### Task
The listing below holds a line with "T. \<forall>z'\<in>kdom T." and a later line with "by (rule w_ae_eq)". Write out those two lines and every line between them, exactly, and nothing else.

### Material provided
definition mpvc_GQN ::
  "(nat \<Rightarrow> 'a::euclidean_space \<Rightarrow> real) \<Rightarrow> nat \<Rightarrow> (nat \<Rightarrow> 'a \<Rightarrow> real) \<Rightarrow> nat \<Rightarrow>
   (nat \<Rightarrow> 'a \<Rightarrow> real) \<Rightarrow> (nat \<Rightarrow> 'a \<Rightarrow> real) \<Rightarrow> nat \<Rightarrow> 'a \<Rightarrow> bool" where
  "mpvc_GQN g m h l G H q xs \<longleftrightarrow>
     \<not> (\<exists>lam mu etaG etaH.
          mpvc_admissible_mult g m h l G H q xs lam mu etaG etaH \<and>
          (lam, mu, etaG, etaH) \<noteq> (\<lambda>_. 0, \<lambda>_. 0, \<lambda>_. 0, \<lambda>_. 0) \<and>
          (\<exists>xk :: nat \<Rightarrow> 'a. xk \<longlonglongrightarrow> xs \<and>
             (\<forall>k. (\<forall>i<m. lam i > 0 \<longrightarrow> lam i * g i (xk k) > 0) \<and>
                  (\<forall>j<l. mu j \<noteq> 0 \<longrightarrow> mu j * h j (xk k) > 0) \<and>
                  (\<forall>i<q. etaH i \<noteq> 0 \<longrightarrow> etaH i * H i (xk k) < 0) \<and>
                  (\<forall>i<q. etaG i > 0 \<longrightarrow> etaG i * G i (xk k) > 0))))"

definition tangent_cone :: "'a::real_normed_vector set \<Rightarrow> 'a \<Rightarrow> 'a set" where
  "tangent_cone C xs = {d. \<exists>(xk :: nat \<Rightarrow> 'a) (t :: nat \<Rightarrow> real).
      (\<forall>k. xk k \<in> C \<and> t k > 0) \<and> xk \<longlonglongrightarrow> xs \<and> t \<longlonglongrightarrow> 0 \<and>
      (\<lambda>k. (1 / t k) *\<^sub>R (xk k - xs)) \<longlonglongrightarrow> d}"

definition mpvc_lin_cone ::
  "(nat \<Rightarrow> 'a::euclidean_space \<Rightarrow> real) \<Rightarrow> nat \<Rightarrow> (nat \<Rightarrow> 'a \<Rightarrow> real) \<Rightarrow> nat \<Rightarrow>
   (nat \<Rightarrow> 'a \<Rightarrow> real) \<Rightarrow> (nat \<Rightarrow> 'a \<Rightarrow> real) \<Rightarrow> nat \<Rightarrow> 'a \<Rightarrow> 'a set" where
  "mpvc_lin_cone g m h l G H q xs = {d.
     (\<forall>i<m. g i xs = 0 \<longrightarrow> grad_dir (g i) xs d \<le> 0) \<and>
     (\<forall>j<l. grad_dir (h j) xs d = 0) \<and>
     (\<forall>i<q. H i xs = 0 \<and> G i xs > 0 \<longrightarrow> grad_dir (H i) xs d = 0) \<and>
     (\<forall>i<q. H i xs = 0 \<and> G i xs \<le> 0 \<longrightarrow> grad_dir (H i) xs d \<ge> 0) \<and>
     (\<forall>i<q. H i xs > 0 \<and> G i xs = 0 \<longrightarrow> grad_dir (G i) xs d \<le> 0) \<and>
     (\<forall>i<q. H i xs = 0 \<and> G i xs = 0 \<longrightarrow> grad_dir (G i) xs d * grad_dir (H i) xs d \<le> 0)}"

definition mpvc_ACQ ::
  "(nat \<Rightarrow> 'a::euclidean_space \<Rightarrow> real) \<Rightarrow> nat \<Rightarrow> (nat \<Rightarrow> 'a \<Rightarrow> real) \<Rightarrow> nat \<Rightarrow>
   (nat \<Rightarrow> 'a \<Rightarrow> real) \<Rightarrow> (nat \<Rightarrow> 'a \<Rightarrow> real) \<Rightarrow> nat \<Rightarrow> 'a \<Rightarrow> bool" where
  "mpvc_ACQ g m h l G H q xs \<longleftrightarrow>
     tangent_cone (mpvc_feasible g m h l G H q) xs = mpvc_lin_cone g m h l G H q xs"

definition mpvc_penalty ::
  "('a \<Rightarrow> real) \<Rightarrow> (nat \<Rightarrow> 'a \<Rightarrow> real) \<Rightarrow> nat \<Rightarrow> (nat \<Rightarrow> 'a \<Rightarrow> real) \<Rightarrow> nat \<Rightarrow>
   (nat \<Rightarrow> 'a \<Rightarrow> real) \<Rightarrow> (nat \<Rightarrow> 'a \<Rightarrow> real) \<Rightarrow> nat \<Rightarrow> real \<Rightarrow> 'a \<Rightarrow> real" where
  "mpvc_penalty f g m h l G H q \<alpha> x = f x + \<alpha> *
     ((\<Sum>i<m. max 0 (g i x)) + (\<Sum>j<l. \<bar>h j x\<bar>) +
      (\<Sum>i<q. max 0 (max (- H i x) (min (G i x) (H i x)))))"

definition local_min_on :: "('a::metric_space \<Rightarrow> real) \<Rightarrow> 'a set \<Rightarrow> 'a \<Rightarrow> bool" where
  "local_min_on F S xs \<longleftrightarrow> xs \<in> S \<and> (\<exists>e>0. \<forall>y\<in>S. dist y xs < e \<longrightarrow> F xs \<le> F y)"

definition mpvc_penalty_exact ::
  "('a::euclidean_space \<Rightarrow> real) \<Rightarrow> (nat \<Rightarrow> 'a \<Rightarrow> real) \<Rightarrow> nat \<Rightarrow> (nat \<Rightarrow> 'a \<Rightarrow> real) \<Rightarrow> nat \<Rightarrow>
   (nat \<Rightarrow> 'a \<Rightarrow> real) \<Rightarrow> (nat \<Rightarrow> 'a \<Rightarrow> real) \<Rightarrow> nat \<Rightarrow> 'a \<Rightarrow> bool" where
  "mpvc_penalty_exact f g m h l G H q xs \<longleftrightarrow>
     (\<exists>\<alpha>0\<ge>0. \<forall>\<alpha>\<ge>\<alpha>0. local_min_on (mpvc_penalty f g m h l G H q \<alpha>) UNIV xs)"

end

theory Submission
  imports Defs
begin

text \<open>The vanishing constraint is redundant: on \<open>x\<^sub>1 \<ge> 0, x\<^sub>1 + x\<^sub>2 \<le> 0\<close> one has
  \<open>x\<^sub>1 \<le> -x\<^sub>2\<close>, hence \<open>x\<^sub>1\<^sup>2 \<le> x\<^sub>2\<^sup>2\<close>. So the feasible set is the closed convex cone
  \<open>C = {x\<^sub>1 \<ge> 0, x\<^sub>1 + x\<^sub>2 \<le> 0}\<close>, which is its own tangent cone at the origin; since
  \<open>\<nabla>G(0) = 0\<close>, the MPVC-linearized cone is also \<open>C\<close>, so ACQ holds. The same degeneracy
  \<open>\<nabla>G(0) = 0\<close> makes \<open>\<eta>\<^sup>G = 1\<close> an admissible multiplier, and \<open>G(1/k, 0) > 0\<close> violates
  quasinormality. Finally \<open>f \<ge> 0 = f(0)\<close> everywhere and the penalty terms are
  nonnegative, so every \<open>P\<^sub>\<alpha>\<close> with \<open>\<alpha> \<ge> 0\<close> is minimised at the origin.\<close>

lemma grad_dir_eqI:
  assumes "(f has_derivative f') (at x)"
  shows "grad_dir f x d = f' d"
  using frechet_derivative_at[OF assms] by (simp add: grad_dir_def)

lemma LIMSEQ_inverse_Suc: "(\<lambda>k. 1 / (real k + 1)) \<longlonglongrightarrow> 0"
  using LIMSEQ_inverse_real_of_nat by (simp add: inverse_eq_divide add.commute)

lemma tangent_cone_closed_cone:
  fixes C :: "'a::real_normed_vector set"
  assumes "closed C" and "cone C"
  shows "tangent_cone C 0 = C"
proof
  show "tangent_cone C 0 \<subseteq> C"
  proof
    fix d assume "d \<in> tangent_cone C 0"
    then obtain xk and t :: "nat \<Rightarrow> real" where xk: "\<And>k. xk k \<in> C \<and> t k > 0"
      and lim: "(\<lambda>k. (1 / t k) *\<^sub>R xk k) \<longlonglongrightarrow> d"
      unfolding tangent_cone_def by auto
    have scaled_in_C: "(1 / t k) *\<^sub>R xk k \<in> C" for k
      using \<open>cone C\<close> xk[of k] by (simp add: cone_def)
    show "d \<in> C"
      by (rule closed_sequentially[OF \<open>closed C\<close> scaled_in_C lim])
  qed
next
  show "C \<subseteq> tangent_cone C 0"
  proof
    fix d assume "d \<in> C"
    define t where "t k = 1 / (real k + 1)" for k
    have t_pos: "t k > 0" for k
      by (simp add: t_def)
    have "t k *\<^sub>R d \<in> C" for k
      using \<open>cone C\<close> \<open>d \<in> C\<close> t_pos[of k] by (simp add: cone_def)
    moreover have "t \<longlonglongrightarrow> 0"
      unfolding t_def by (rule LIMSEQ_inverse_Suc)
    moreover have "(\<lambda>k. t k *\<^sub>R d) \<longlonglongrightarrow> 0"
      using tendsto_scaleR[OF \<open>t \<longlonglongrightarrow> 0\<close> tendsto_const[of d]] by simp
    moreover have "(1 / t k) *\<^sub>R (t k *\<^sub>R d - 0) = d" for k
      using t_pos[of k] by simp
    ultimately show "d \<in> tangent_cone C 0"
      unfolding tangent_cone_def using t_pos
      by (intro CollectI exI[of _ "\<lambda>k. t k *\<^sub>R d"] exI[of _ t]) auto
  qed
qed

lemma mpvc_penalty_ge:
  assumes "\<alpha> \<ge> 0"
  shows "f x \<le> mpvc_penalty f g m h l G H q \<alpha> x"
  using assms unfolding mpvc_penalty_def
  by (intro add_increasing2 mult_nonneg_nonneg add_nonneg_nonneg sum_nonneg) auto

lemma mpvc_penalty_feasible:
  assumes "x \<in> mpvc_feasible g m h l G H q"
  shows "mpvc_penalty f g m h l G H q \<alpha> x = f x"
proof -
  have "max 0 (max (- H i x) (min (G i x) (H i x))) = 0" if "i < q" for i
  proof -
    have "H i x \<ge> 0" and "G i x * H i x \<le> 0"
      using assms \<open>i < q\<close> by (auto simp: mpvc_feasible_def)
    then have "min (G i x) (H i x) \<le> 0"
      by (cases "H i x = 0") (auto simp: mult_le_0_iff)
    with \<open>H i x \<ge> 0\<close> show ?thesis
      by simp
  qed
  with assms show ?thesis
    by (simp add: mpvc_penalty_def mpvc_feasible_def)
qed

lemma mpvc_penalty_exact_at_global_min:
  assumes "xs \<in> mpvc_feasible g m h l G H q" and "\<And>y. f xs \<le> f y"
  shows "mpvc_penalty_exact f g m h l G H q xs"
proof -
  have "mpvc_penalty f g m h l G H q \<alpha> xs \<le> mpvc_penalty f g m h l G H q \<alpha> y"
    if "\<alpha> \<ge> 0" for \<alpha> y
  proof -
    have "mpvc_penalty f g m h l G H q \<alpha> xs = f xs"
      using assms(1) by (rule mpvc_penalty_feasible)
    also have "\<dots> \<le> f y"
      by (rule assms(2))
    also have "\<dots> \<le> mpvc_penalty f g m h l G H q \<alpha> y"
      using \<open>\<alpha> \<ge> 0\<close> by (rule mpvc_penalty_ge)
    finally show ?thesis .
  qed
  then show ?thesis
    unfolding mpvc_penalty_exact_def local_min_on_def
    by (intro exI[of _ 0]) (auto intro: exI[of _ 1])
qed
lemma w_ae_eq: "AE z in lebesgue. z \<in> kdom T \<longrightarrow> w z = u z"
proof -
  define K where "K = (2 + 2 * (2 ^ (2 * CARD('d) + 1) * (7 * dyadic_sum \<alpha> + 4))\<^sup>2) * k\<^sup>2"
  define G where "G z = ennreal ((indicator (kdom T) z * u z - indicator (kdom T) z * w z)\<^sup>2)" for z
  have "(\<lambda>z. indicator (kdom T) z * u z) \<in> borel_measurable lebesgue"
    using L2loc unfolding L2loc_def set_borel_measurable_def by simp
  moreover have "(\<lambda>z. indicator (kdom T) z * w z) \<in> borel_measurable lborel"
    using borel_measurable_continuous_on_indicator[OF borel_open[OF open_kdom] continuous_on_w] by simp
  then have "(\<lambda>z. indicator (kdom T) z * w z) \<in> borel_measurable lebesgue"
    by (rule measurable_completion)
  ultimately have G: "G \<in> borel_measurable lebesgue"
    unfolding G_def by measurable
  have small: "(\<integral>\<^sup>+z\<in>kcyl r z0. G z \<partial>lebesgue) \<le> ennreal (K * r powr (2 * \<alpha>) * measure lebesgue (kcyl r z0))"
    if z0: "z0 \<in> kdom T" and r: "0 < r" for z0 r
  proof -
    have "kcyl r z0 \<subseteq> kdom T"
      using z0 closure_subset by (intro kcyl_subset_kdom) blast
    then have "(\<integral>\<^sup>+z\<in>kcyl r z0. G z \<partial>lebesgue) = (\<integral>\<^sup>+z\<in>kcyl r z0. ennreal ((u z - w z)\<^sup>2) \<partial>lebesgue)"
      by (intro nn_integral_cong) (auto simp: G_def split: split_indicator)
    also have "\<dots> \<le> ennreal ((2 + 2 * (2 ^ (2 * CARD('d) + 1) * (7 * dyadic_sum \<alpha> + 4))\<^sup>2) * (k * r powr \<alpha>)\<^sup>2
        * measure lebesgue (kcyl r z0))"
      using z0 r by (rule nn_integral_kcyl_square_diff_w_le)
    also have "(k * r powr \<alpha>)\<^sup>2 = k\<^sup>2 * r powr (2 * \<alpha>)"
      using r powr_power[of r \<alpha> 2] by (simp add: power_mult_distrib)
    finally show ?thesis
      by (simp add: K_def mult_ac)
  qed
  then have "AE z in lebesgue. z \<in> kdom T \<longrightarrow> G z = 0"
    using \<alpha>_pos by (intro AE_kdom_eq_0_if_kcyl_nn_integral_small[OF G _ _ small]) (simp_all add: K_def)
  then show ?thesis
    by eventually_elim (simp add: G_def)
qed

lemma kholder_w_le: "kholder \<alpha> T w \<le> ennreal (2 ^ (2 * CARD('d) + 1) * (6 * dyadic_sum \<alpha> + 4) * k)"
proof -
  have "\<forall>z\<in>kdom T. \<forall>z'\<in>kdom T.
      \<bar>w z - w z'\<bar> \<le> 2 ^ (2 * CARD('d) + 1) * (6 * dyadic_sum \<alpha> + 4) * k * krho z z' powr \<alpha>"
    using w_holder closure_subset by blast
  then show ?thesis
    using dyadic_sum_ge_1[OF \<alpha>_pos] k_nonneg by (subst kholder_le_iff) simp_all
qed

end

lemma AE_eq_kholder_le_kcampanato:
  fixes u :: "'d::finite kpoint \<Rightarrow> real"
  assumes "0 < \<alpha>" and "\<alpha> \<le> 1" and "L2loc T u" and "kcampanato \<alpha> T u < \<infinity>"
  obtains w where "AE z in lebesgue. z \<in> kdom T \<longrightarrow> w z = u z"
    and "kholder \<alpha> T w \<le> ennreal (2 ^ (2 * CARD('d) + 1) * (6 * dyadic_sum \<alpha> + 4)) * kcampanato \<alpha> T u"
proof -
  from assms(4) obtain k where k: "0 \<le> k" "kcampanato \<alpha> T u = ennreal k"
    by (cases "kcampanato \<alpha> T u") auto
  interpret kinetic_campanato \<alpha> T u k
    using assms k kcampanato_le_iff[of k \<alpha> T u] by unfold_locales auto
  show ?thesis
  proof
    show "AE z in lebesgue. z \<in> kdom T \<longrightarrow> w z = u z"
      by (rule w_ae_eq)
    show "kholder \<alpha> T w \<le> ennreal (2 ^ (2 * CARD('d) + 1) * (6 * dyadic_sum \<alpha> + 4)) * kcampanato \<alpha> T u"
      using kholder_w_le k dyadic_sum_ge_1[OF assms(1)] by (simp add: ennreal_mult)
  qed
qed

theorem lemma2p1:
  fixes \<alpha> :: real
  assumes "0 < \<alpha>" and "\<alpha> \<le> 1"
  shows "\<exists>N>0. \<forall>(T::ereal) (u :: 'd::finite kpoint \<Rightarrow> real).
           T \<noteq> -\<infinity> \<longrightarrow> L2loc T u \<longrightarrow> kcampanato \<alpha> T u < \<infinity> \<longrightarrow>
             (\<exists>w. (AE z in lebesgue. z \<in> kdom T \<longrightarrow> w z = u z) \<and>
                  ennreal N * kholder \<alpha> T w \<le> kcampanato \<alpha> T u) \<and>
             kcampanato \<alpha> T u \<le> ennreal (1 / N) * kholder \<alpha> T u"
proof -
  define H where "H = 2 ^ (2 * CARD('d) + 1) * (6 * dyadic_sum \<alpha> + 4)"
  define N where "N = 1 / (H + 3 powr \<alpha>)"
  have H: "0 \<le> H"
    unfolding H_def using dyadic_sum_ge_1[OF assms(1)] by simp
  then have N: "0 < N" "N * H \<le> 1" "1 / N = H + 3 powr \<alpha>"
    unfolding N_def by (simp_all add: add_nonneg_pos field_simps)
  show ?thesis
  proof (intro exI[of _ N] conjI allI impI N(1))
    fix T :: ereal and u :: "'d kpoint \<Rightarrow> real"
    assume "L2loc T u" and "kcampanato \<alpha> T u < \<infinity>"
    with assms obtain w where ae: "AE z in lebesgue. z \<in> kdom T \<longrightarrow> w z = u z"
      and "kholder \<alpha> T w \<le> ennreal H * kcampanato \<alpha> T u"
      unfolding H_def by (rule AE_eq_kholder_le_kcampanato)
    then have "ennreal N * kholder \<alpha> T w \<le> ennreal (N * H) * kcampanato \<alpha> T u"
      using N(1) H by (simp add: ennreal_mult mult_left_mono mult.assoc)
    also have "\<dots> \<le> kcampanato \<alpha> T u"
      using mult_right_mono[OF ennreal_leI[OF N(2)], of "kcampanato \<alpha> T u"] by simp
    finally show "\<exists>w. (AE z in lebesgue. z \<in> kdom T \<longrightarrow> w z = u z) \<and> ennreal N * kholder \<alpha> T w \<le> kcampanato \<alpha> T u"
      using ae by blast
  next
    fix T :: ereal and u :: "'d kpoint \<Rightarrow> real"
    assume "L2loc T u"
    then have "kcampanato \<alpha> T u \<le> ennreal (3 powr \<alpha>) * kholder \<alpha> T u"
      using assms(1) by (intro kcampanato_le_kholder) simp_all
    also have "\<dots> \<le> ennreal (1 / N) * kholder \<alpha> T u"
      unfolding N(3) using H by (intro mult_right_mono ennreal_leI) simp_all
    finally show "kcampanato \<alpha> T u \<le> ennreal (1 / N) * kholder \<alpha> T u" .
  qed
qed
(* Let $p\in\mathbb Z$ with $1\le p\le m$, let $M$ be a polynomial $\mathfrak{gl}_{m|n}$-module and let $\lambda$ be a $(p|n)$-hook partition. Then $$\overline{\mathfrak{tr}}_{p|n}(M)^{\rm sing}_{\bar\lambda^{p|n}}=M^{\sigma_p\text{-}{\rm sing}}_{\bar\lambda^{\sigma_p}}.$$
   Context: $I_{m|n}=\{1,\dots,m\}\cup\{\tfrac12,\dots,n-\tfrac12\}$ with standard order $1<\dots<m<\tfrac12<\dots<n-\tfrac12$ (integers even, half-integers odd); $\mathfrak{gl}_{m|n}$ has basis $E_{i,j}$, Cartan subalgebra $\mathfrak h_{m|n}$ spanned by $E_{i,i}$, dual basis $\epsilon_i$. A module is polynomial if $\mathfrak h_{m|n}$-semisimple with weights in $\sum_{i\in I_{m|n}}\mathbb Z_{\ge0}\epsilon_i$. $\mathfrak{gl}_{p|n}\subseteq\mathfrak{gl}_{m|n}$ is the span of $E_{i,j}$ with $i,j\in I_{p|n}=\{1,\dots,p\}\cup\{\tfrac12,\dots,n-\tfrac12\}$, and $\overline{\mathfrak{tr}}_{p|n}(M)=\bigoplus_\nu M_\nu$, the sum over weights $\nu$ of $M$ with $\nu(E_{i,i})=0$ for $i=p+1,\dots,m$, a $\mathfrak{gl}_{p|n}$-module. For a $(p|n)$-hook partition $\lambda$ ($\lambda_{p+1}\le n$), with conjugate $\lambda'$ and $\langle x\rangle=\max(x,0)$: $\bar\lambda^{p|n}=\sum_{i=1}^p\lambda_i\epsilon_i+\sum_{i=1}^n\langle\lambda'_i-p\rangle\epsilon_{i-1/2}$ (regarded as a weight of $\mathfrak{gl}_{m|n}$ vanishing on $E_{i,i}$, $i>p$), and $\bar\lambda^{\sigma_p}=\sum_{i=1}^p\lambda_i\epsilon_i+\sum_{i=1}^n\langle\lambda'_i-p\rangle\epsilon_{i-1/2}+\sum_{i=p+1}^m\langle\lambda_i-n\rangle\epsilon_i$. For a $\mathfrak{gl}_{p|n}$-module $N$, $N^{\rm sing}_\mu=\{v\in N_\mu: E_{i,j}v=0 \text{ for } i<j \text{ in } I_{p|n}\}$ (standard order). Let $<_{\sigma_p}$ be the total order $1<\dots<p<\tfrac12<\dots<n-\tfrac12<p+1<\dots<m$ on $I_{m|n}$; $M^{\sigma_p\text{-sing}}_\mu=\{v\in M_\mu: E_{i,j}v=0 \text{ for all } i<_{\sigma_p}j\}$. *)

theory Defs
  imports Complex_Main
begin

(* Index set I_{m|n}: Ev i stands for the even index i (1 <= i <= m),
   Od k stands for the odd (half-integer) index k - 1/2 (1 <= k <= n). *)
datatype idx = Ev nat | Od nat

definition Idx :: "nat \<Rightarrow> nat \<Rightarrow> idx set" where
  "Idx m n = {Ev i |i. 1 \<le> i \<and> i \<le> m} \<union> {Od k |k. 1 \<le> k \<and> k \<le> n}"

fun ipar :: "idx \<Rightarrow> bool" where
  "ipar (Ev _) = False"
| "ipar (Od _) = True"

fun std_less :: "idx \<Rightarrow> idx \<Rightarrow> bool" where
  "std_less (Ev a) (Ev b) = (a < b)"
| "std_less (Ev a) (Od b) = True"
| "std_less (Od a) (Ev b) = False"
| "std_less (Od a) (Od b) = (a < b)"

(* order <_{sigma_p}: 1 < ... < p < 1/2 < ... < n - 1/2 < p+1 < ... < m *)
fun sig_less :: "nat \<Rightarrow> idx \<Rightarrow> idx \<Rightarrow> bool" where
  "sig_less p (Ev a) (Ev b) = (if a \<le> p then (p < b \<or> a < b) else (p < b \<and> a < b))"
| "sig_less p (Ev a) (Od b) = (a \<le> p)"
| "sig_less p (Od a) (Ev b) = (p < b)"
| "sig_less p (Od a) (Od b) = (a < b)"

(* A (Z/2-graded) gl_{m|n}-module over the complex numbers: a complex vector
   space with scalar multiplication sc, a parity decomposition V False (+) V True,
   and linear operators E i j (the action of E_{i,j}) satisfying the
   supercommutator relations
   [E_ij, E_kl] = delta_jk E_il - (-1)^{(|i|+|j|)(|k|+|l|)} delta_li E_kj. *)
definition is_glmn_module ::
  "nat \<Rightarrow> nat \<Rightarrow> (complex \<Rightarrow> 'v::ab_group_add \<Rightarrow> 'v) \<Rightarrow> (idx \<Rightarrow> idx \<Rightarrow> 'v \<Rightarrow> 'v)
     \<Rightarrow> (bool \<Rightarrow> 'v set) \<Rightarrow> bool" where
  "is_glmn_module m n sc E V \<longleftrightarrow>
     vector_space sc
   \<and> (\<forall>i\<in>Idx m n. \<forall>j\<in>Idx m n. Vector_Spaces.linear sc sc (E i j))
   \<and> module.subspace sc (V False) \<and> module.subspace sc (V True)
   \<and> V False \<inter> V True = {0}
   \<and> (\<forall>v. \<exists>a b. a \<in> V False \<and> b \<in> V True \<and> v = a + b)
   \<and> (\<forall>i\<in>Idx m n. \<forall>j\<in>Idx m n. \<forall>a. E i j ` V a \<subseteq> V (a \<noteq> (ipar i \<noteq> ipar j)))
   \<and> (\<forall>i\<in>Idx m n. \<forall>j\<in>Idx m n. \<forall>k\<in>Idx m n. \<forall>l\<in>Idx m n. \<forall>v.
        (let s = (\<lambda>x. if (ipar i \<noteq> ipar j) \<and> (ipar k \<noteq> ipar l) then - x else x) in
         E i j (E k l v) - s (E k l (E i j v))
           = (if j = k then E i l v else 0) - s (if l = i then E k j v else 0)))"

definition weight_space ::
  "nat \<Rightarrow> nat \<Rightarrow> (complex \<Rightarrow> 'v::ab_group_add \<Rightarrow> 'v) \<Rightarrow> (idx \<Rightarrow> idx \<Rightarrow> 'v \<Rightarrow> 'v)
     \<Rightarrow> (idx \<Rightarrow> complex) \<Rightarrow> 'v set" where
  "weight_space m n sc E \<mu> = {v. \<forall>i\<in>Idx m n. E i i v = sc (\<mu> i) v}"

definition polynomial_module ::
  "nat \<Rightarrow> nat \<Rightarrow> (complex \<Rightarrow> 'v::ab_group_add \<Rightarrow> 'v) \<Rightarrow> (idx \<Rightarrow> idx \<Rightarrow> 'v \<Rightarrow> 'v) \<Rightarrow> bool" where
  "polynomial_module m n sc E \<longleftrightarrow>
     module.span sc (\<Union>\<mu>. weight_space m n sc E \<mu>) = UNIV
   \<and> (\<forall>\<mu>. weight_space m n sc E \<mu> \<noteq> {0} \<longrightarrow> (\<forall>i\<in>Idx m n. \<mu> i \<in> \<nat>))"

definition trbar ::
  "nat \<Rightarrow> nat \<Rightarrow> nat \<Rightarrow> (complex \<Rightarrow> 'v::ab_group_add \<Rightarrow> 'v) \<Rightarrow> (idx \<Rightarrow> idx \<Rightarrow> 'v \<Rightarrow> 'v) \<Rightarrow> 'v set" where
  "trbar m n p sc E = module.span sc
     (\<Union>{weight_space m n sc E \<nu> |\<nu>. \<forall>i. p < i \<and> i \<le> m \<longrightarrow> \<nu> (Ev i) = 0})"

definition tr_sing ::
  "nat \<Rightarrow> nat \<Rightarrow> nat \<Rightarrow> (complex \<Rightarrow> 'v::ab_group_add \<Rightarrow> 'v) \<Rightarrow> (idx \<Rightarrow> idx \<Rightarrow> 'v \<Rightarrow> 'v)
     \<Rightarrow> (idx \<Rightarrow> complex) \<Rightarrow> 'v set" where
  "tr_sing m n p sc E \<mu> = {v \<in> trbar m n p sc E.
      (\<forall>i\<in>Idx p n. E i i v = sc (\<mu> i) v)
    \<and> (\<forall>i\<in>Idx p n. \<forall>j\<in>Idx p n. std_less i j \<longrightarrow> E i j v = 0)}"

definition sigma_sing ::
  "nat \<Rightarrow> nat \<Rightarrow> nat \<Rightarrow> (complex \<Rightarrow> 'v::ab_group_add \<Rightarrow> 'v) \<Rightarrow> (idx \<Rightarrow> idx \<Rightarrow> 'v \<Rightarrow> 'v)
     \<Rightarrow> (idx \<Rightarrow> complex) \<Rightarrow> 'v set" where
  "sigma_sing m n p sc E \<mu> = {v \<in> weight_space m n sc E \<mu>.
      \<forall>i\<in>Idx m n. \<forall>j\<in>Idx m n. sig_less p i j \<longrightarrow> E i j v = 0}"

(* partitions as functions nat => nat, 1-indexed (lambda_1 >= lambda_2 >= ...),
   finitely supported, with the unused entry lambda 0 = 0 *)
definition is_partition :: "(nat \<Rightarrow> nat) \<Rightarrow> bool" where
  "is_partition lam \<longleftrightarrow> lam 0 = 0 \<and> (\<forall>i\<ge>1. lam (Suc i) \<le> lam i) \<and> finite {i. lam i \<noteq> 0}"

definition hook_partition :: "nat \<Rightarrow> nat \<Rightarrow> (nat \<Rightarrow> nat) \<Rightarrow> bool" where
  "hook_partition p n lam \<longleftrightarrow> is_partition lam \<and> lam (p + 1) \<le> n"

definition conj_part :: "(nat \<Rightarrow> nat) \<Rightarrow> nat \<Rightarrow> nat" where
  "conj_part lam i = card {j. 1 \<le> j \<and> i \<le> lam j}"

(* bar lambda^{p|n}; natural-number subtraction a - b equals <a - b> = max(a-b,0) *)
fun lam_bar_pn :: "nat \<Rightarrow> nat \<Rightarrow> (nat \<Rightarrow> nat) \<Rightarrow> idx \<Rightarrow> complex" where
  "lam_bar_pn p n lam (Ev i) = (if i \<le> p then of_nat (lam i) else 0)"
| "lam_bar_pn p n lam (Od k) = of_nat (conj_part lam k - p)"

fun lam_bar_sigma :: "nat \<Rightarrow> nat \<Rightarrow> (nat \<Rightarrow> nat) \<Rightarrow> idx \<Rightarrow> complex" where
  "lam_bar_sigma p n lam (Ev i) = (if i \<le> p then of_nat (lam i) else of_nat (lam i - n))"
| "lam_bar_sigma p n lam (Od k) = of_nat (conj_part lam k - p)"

### Response
  have "\<forall>z\<in>kdom T. \<forall>z'\<in>kdom T.
      \<bar>w z - w z'\<bar> \<le> 2 ^ (2 * CARD('d) + 1) * (6 * dyadic_sum \<alpha> + 4) * k * krho z z' powr \<alpha>"
    using w_holder closure_subset by blast
  then show ?thesis
    using dyadic_sum_ge_1[OF \<alpha>_pos] k_nonneg by (subst kholder_le_iff) simp_all
qed

end

lemma AE_eq_kholder_le_kcampanato:
  fixes u :: "'d::finite kpoint \<Rightarrow> real"
  assumes "0 < \<alpha>" and "\<alpha> \<le> 1" and "L2loc T u" and "kcampanato \<alpha> T u < \<infinity>"
  obtains w where "AE z in lebesgue. z \<in> kdom T \<longrightarrow> w z = u z"
    and "kholder \<alpha> T w \<le> ennreal (2 ^ (2 * CARD('d) + 1) * (6 * dyadic_sum \<alpha> + 4)) * kcampanato \<alpha> T u"
proof -
  from assms(4) obtain k where k: "0 \<le> k" "kcampanato \<alpha> T u = ennreal k"
    by (cases "kcampanato \<alpha> T u") auto
  interpret kinetic_campanato \<alpha> T u k
    using assms k kcampanato_le_iff[of k \<alpha> T u] by unfold_locales auto
  show ?thesis
  proof
    show "AE z in lebesgue. z \<in> kdom T \<longrightarrow> w z = u z"
      by (rule w_ae_eq)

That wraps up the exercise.